- Origin: Los Angeles
- Genres: Christian pop, rock, dance
- Years active: 2008–2014
- Label: Dream
- Members: Dave Hanley Nicole Croteau Jonathan Thulin Mike Adams Sean Cook Michael Baja
- Past members: Tyler Logan Joel Bodker Paige Adkins Brian Mondragon Dustin Prude Tate Huff Anthony Rick Sada K. Jackson

= Press Play (band) =

Press Play was a Christian pop and rock band formed by worship leader Dave Hanley in 2008. The lead singers of the band included Dave Hanley, Nicole Croteau, and Jonathan Thulin. They were the former worship team for the Los Angeles Dream Center, the church where the band was formed.
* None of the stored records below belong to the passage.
lemma discrete_forward_step:
  fixes \<alpha> s f g F G :: complex and n :: nat
  assumes "s \<noteq> 0" "f \<noteq> 0" "g \<noteq> 0" "g \<noteq> of_nat n" "f * g - g + of_nat n \<noteq> 0" "F \<noteq> 0" "F \<noteq> 1"
    and forward: "F * f = (g ^ 2 - (\<alpha> + 2 * of_nat n) * g + (\<alpha> + of_nat n) * of_nat n) / g ^ 2"
    and backward: "g + G = ((1 - \<alpha> + s - 2 * of_nat (Suc n)) * F + \<alpha> + 2 * of_nat (Suc n) - 1) / (F - 1) ^ 2"
  shows "qmap (Suc n) s F G = 1 - qmap n s f g - a0 \<alpha> n / (pmap n s f g + s) - a2 n / pmap n s f g"
proof -
  define h where "h = f * g - g + of_nat n"
  have "g - of_nat n \<noteq> 0" using assms(4) by simp
  have factored: "F * f * g ^ 2 = (g - of_nat n) * (g - a0 \<alpha> n)"
    using forward_eq_factored[OF assms(3) forward] .
  have "qmap (Suc n) s F G - 1 = (F - 1) * (a3 \<alpha> (Suc n) - (F - 1) * g) / (s * F)"
    using backward_eq_qmap_Suc[OF assms(1,6,7) backward] .
  also have "a3 \<alpha> (Suc n) - (F - 1) * g = F * g * h / (g - of_nat n)"
    using forward_eq_pmap_denominator[OF factored] \<open>g - of_nat n \<noteq> 0\<close>
    unfolding h_def by (simp add: eq_divide_eq mult.commute)
  also have "(F - 1) * (F * g * h / (g - of_nat n)) / (s * F) = (F - 1) * g * h / (s * (g - of_nat n))"
    using assms(6) by (simp add: ac_simps)
  also have "\<dots> = - (h * (f * g ^ 2 - (g - of_nat n) * (g - a0 \<alpha> n)) / (s * f * g * (g - of_nat n)))"
    unfolding factored[symmetric] using assms(1-3) \<open>g - of_nat n \<noteq> 0\<close>
    by (simp add: field_simps power2_eq_square)
  also have "\<dots> = - (qmap n s f g + a0 \<alpha> n / (pmap n s f g + s) + a2 n / pmap n s f g)"
    unfolding h_def using qmap_plus_a0_a2[OF assms(1-5)] by simp
  finally show ?thesis by (simp add: algebra_simps)
qed
lemma partial_y_omega:
  assumes "0 < x" "(x, y) \<noteq> p0"
  shows "partial_y omega_p x y = 8*x^2*y * (1 - (omega_p x y)^2) / sqrt (Delta x y)"
    and "partial_y omega_m x y = - (8*x^2*y * (1 - (omega_m x y)^2) / sqrt (Delta x y))"
  unfolding partial_y_def omega_p_eq_quad_root omega_m_eq_quad_root
  using DERIV_imp_deriv[OF has_real_derivative_omega_y[OF _ assms, of 1]]
    DERIV_imp_deriv[OF has_real_derivative_omega_y[OF _ assms, of "-1"]]
  by simp_all

lemma omega_nonpos_iff_between:
  "r1sq x y * t^2 + (4 - x^2) * t + (- 4*x^2*y^2) \<le> 0 \<longleftrightarrow> omega_m x y \<le> t \<and> t \<le> omega_p x y"
  unfolding omega_p_eq_quad_root omega_m_eq_quad_root
  by (rule quadratic_nonpos_iff_between_roots[OF r1sq_pos Delta_nonneg[unfolded Delta_eq_discriminant]])

lemma omega_sum: "omega_p x y + omega_m x y = (x^2 - 4) / r1sq x y"
  unfolding omega_p_eq_quad_root omega_m_eq_quad_root
  using r1sq_pos[of x y] quad_root_sum[of "r1sq x y" "4 - x^2" "- 4*x^2*y^2"] by simp

lemma omega_prod: "omega_p x y * omega_m x y = - 4*x^2*y^2 / r1sq x y"
  unfolding omega_p_eq_quad_root omega_m_eq_quad_root
  using r1sq_pos[of x y] Delta_nonneg[of x y, unfolded Delta_eq_discriminant]
    quad_root_prod[of "r1sq x y" "4 - x^2" "- 4*x^2*y^2"] by simp

lemma omega_diff: "omega_p x y - omega_m x y = sqrt (Delta x y) / r1sq x y"
  unfolding omega_p_eq_quad_root omega_m_eq_quad_root Delta_eq_discriminant
  using r1sq_pos[of x y] by (intro quad_root_diff) simp

lemma omega_m_le_zero_le_omega_p: "omega_m x y \<le> 0" "0 \<le> omega_p x y"
proof -
  have "0 \<le> sqrt (Delta x y) / r1sq x y"
    using r1sq_pos[of x y] Delta_nonneg[of x y] by simp
  then have "omega_m x y \<le> omega_p x y"
    using omega_diff[of x y] by linarith
  moreover have "omega_p x y * omega_m x y \<le> 0"
    using omega_prod[of x y] r1sq_pos[of x y] by (simp add: divide_nonpos_pos)
  ultimately show "omega_m x y \<le> 0" "0 \<le> omega_p x y"
    by (auto simp: mult_le_0_iff)
qed

lemma omega_p_less_one: "omega_p x y < 1"
  using omega_nonpos_iff_between[of x y 1] omega_m_le_zero_le_omega_p[of x y]
  by (auto simp: r1sq_def)

lemma omega_m_greater_minus_one: "x \<noteq> 0 \<Longrightarrow> -1 < omega_m x y"
  using omega_nonpos_iff_between[of x y "-1"] omega_m_le_zero_le_omega_p[of x y]
  by (auto simp: r1sq_def)

lemma abs_omega_less_one:
  assumes "x \<noteq> 0"
  shows "\<bar>omega_p x y\<bar> < 1" and "\<bar>omega_m x y\<bar> < 1"
  using omega_m_le_zero_le_omega_p[of x y] omega_p_less_one[of x y]
    omega_m_greater_minus_one[OF assms, of y] by auto

lemma omega_p_less_half:
  assumes "x^2 \<le> 9" "y^2 \<le> 1/100"
  shows "omega_p x y < 1/2"
proof -
  have "x^2 * y^2 \<le> 9 * (1/100)" using assms by (intro mult_mono) simp_all
  moreover have "r1sq x y * (1/2)^2 + (4 - x^2) * (1/2) + (- 4*x^2*y^2) = 3 - x^2/4 - 3 * (x^2*y^2)"
    unfolding r1sq_def by (simp add: power2_eq_square field_simps)
  ultimately have "0 < r1sq x y * (1/2)^2 + (4 - x^2) * (1/2) + (- 4*x^2*y^2)"
    using assms(1) by linarith
  then show ?thesis
    using omega_nonpos_iff_between[of x y "1/2"] omega_m_le_zero_le_omega_p[of x y] by auto
qed

lemma omega_eq_0_on_axis:
  shows "x^2 \<le> 4 \<Longrightarrow> omega_p x 0 = 0" and "4 \<le> x^2 \<Longrightarrow> omega_m x 0 = 0"
  unfolding omega_p_def omega_m_def Delta_eq_discriminant by simp_all

lemma omega_factor_prod:
  "((1 + 4*y^2) * omega_p x y + 4*y^2) * ((1 + 4*y^2) * omega_m x y + 4*y^2) = - 16*y^2 / r1sq x y"
proof -
  have "((1 + 4*y^2) * omega_p x y + 4*y^2) * ((1 + 4*y^2) * omega_m x y + 4*y^2)
      = (1 + 4*y^2)^2 * (omega_p x y * omega_m x y)
        + 4*y^2 * (1 + 4*y^2) * (omega_p x y + omega_m x y) + 16*y^4"
    by algebra
  also have "\<dots> = ((1 + 4*y^2)^2 * (- 4*x^2*y^2) + 4*y^2 * (1 + 4*y^2) * (x^2 - 4)
                     + 16*y^4 * r1sq x y) / r1sq x y"
    unfolding omega_prod omega_sum using r1sq_pos[of x y] by (simp add: field_simps)
  also have "\<dots> = - 16*y^2 / r1sq x y"
    unfolding r1sq_def by algebra
  finally show ?thesis .
qed

lemma omega_factor_diff:
  "((1 + 4*y^2) * omega_p x y + 4*y^2) - ((1 + 4*y^2) * omega_m x y + 4*y^2)
     = (1 + 4*y^2) * sqrt (Delta x y) / r1sq x y"
proof -
  have "((1 + 4*y^2) * omega_p x y + 4*y^2) - ((1 + 4*y^2) * omega_m x y + 4*y^2)
      = (1 + 4*y^2) * (omega_p x y - omega_m x y)"
    by (simp add: algebra_simps)
  then show ?thesis by (simp add: omega_diff)
qed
They are signed to Dream Records with distribution through EMI Christian Music Group. They have released four albums to date: Life Is Beautiful (2009), NY2LA (2010), World Anthem (2011), and LITO (2013).

==Band history==

Dave Hanley, while leading worship at the Dream Center's Angelus Temple, had a vision to create relevant worship which would reach not only Christians but also the community. In the earlier years, before the name "Press Play" was born, the team went under the name Dream House. There they began to create a new sound that peaked loads of interest in the L.A area. After a few Dream House albums had been released the band changed its name to Press Play and in 2008 they caught the attention of Universal Record's A&R executive Rhoda Lawrence, she signed them immediately after hearing them. Hanley started a new record label called Dream Records which became an imprint of Universal.
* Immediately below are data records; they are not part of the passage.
(* For any $\vec x,\vec y,\vec z,\vec w,\vec u,\vec v,\vec s,\vec t\in\Lambda_G$, $$\det\begin{pmatrix}\vec x\cdot\vec u&\vec x\cdot\vec v&\vec x\cdot\vec s&\vec x\cdot\vec t\\ \vec y\cdot\vec u&\vec y\cdot\vec v&\vec y\cdot\vec s&\vec y\cdot\vec t\\ \vec z\cdot\vec u&\vec z\cdot\vec v&\vec z\cdot\vec s&\vec z\cdot\vec t\\ \vec w\cdot\vec u&\vec w\cdot\vec v&\vec w\cdot\vec s&\vec w\cdot\vec t\end{pmatrix}=0\quad\text{in }\kappa G^\#.$$
   Context: Let $\kappa$ be a field of characteristic $0$ and $G$ a group. Let $*:\kappa G\to\kappa G$ be the $\kappa$-linear map with $g^*=g^{-1}$, $(\kappa G)^*$ its fixed points, and $A_G$ the quotient of $\kappa G$ by the two-sided ideal generated by all $ab-ba$, $a\in\kappa G$, $b\in(\kappa G)^*$; $*$ descends to $A_G$. Let $\kappa G^\#=\{x\in A_G:x^*=x\}$ and $\Lambda_G=\{x\in A_G:x^*=-x\}$. For $\vec x,\vec y\in\Lambda_G$ define $\vec x\cdot\vec y=-\tfrac12(\vec x\vec y+\vec y\vec x)\in\kappa G^\#$. *)

theory Defs
  imports "HOL-Library.Poly_Mapping" "HOL-Combinatorics.Permutations"
begin

text \<open>Group algebra kappa G: finitely supported functions G -> kappa, with
  convolution product.  The (possibly non-abelian) group G is a type of class
  group_add (written additively: g + h is the group product, - g the inverse,
  0 the identity).  single g c is the element c g of kappa G.\<close>

type_synonym ('g, 'k) grpalg = "'g \<Rightarrow>\<^sub>0 'k"

definition star :: "('g::group_add, 'k::field_char_0) grpalg \<Rightarrow> ('g, 'k) grpalg" where
  "star x = (\<Sum>g\<in>Poly_Mapping.keys x. Poly_Mapping.single (- g) (Poly_Mapping.lookup x g))"

definition scal :: "'k::field_char_0 \<Rightarrow> ('g::group_add, 'k) grpalg \<Rightarrow> ('g, 'k) grpalg" where
  "scal c x = Poly_Mapping.map (\<lambda>a. c * a) x"

text \<open>A_G is the quotient of kappa G by this ideal; elements of A_G are represented
  by elements of kappa G, and equality in A_G is congruence modulo AG_ideal.\<close>
inductive_set AG_ideal :: "('g::group_add, 'k::field_char_0) grpalg set" where
  gen: "star b = b \<Longrightarrow> a * b - b * a \<in> AG_ideal"
| zero: "0 \<in> AG_ideal"
| add: "x \<in> AG_ideal \<Longrightarrow> y \<in> AG_ideal \<Longrightarrow> x + y \<in> AG_ideal"
| mult: "x \<in> AG_ideal \<Longrightarrow> r * x * s \<in> AG_ideal"

text \<open>x represents an element of Lambda_G: x* = -x in A_G.\<close>
definition in_Lambda :: "('g::group_add, 'k::field_char_0) grpalg \<Rightarrow> bool" where
  "in_Lambda x \<longleftrightarrow> star x + x \<in> AG_ideal"

definition dot :: "('g::group_add, 'k::field_char_0) grpalg \<Rightarrow> ('g, 'k) grpalg \<Rightarrow> ('g, 'k) grpalg" where
  "dot x y = scal (- 1 / 2) (x * y + y * x)"

text \<open>Leibniz determinant of a 4x4 matrix (indices 0..3), products taken in
  row order (entries of the matrices considered commute in A_G).\<close>
definition det4 :: "(nat \<Rightarrow> nat \<Rightarrow> 'a::ring_1) \<Rightarrow> 'a" where
  "det4 M = (\<Sum>p\<in>{p. p permutes {0..<4::nat}}.
      of_int (sign p) * (M 0 (p 0) * M 1 (p 1) * M 2 (p 2) * M 3 (p 3)))"

end

theory Submission
  imports Defs
begin

(* Write {a,b} = ab + ba, [a,b] = ab - ba and tau(a,b,c) = abc - cba.
   In A_G every self-adjoint element is central (A_G commutes with (kappa G)*, and
   every element splits into a self-adjoint and an anti-self-adjoint part, the latter
   being 0 in A_G).  For a, b, c in Lambda_G both {a,b} and tau(a,b,c) are
   self-adjoint, hence central.

   There the iterated
   bracket  {a3, [a2, {a1, [a0, [b3, tau(b0,b1,b2)]]}]}  is computed to be -4 times
   the 4x4 determinant of the matrix ({ai,bj}); this is a Laplace expansion in which
   each bracket peels off one row.  If tau(b0,b1,b2) is central, the innermost
   commutator vanishes, so 4 det = 0.

   Since x.y = -1/2 {x,y} and A_G has no additive
   torsion, the main theorem follows. *)

subsection \<open>Brackets in an arbitrary ring\<close>

definition central :: "'a::ring \<Rightarrow> bool" where
  "central c \<longleftrightarrow> (\<forall>r. c * r = r * c)"

definition anticomm :: "'a::ring \<Rightarrow> 'a \<Rightarrow> 'a" where
  "anticomm a b = a * b + b * a"

definition commutator :: "'a::ring \<Rightarrow> 'a \<Rightarrow> 'a" where
  "commutator a b = a * b - b * a"

definition tau :: "'a::ring \<Rightarrow> 'a \<Rightarrow> 'a \<Rightarrow> 'a" where
  "tau a b c = a * b * c - c * b * a"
Press Play's first major release was Life is Beautiful which featured the then lead female vocalist Paige Adkins, who is the daughter of comedian Sinbad. The album also featured guest vocals from Darlene Zschech of Hillsong. Upon the band's debut release through its new partnership with Universal Records, Life Is Beautiful reached No. 2 on Billboards Christian Albums chart and No. 45 on the Billboard 200 chart. Press Play performed on NBC's Today Show, meeting with ABC, appearing on Fox News and with features in national newspapers, magazines and on numerous national TV outlets. Press Play also worked with producer Rodney Jerkins at the time.

The band quickly began work on a new album, NY2LA which was released a year later. Paige Adkins was replaced by a new female lead, Sada K. Jackson. The album reached No. 3 on the Billboard Christian Albums chart, moving slightly down from its predecessor. The first single released from the album was the title track, which featured guest rapper Tyler James Williams from Everybody Hates Chris. The single peaked at No. 20 on the Christian CHR chart. Christian CHR station Air1 released the music video for "NY2LA".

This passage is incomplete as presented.